Turning briefly to FIG. 3, an example of a click graph 300 is depicted. The click graph 300 of FIG. 3 is representative of just a portion of a click-graph associated with URLs that all correspond to a common query-intent domain. The exemplary click-graph 300 shown in FIG. 3 is an example of one suitable data structure and is not intended to suggest any limitation as to the scope of use or functionality of embodiments of the inventions disclosed throughout this document. Neither should the exemplary click-graph 300 be interpreted as having any dependency or requirement related to any single component or combination of components illustrated therein.

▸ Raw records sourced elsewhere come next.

(* Let $P\ge 2$ and let $X=WH$ with $W=(w_{mp})\in\mathbb{H}_{\mathcal S}^{M\times P}$ and $H=(h_{pn})\in\mathbb{R}_+^{P\times N}$, such that $\mathrm{Re}\,w_{mp}>0$ for all $m,p$. If the QNMF $X=WH$ is essentially unique, then: (A1) for every pair $(p,q)$ with $p\neq q$ there exists $m$ such that $\Phi_{mp}=1$ and $\Phi_{mq}\boldsymbol\mu_{mq}\neq\boldsymbol\mu_{mp}$; (A2) for every pair $(p,q)$ with $p\neq q$ there exists $n$ such that $h_{pn}=0$ and $h_{qn}>0$.
   Context: $\mathbb{H}$ denotes the quaternions; for $q=a+b\mathbf i+c\mathbf j+d\mathbf k$, $\mathrm{Re}\,q=a$, $\mathrm{Im}\,q=b\mathbf i+c\mathbf j+d\mathbf k$, $|\mathrm{Im}\,q|^2=b^2+c^2+d^2$. $\mathbb{H}_{\mathcal S}=\{q\in\mathbb{H}: \mathrm{Re}\,q\ge 0,\ |\mathrm{Im}\,q|^2\le(\mathrm{Re}\,q)^2\}$; $\mathbb{R}_+=[0,\infty)$. Polar parametrization: every $w\in\mathbb{H}_{\mathcal S}$ with $\mathrm{Re}\,w>0$ is written $w=I+I\Phi\boldsymbol\mu$ with intensity $I=\mathrm{Re}\,w>0$, degree of polarization $\Phi=|\mathrm{Im}\,w|/\mathrm{Re}\,w\in[0,1]$, and polarization axis $\boldsymbol\mu$ a pure unit quaternion, with $\boldsymbol\mu=\mathrm{Im}\,w/|\mathrm{Im}\,w|$ when $\mathrm{Im}\,w\ne0$ (arbitrary otherwise). For the entries of $W$ we write $w_{mp}=I_{mp}+I_{mp}\Phi_{mp}\boldsymbol\mu_{mp}$. The QNMF $X=WH$ is essentially unique if for every $\tilde W\in\mathbb{H}_{\mathcal S}^{M\times P}$, $\tilde H\in\mathbb{R}_+^{P\times N}$ with $X=\tilde W\tilde H$ there exist a diagonal matrix $D$ with strictly positive diagonal entries and a permutation matrix $\Pi$ such that $\tilde W=WD\Pi$ and $\tilde H=(D\Pi)^{-1}H$. *)

theory Defs
  imports "HOL-Analysis.Analysis"
begin

text \<open>Quaternions q = a + b i + c j + d k are represented as pairs (a, (b,c,d)) of the real
part and the imaginary part, the latter viewed as a vector of real^3 (a pure quaternion).
Only the real vector space structure of the quaternions is needed here (H is real).\<close>

type_synonym quat = "real \<times> (real^3)"

definition qRe :: "quat \<Rightarrow> real" where "qRe q = fst q"
definition qIm :: "quat \<Rightarrow> real^3" where "qIm q = snd q"

definition HS :: "quat set" where
  "HS = {q. qRe q \<ge> 0 \<and> (norm (qIm q))\<^sup>2 \<le> (qRe q)\<^sup>2}"

text \<open>The axis is Im w / |Im w| when Im w is nonzero (sgn gives 0 otherwise; the axis is
arbitrary in that case and only enters multiplied by Phi = 0).\<close>
definition intensity :: "quat \<Rightarrow> real" where "intensity w = qRe w"
definition Phi :: "quat \<Rightarrow> real" where "Phi w = norm (qIm w) / qRe w"
definition mu :: "quat \<Rightarrow> real^3" where "mu w = sgn (qIm w)"

definition qmatmul :: "('m \<Rightarrow> 'p::finite \<Rightarrow> quat) \<Rightarrow> ('p \<Rightarrow> 'n \<Rightarrow> real) \<Rightarrow> 'm \<Rightarrow> 'n \<Rightarrow> quat" where
  "qmatmul W H m n = (\<Sum>p\<in>UNIV. H p n *\<^sub>R W m p)"

text \<open>Essential uniqueness: W~ = W D Pi and H~ = (D Pi)^-1 H, with D positive diagonal and
Pi the permutation matrix with Pi(p,j) = 1 iff p = tau j; written out entrywise.\<close>
definition essentially_unique :: "('m \<Rightarrow> 'p::finite \<Rightarrow> quat) \<Rightarrow> ('p \<Rightarrow> 'n \<Rightarrow> real) \<Rightarrow> bool" where
  "essentially_unique W H \<longleftrightarrow>
     (\<forall>W' H'. (\<forall>m p. W' m p \<in> HS) \<longrightarrow> (\<forall>p n. H' p n \<ge> 0) \<longrightarrow>
        qmatmul W' H' = qmatmul W H \<longrightarrow>
        (\<exists>d :: 'p \<Rightarrow> real. \<exists>\<tau> :: 'p \<Rightarrow> 'p. (\<forall>p. d p > 0) \<and> bij \<tau> \<and>
           (\<forall>m j. W' m j = d (\<tau> j) *\<^sub>R W m (\<tau> j)) \<and>
           (\<forall>j n. H' j n = H (\<tau> j) n / d (\<tau> j))))"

As illustrated in FIG. 3, exemplary click-graph 300 has a number of query nodes 302 on the left and a number of URL nodes 304 on the right. Labeling of nodes 302 and 304 is not depicted in FIG. 3 because labeling nodes is not necessarily germane to the present discussion. Links (or edges) 306 connect certain pairs of query nodes 302 and URL nodes 304. Note that not all of the query nodes 302 or URL nodes 304 are linked. For example, the query node 302 corresponding to the search phrase “what is prudence” is linked to just the URL nodes “dictionary.referencebook.com/browse/” and “ourfreedictionary.com,” and to no other URL nodes in the click graph 300. What this means is that, in response to the search results to the search query containing the search phrase “what is prudence,” the user made a selection in the search results to navigate to the URLs “dictionary.referencebook.com/browse/” and “ourfreedictionary.com/,” and did not make selections to navigate to the other URLs depicted in FIG. 3 (or alternatively, the other URLs did not appear as search results in response to the query containing search phrase “what is prudence”).
Similarly, the query node 302 corresponding to the search term “fidelity” is not connected to any of the URL nodes 304 depicted in FIG. 3, for example, because the dominant intent associated with the query corresponding to query node 302 is a website associated with the well-known company named Fidelity. As used herein, “dominant intent” refers to a probable query intent that has a higher probability of corresponding to the user's actual intent than any other probable query intent associated with the particular query. Furthermore, in embodiments, each of the links 306 in FIG. 3 is associated with an edge weight 308 (referred to herein, interchangeably, as “weight” and conceptually represented in FIG. 3 by the various line styles depicted), which, in one example, can be a count (or some other value based on the count) of clicks made between the particular pair of a query node and a URL node. In other embodiments, other definitions of weight can be used, as well, such as a count of clicks made by a particular user, and the like.
Using techniques according to some embodiments, a relatively large portion (or even all) of the queries in the click graph 300 can be examined to identify potential training data. In the example of FIG. 3, the click graph 300 is a bipartite graph that contains a first set of nodes to represent queries and a second set of nodes to represent URLs, with edges (links) connecting correlated query nodes and URL nodes. In other embodiments, other types of data structures can be used for correlating queries with URLs based on click data, as well. Additionally, the click graph 300 shows URL nodes that represent corresponding individual URLs. Note that in an alternative embodiment, instead of each URL node representing an individual URL, a node 304 can represent a cluster of URLs that have been clustered together based on some similarity metric.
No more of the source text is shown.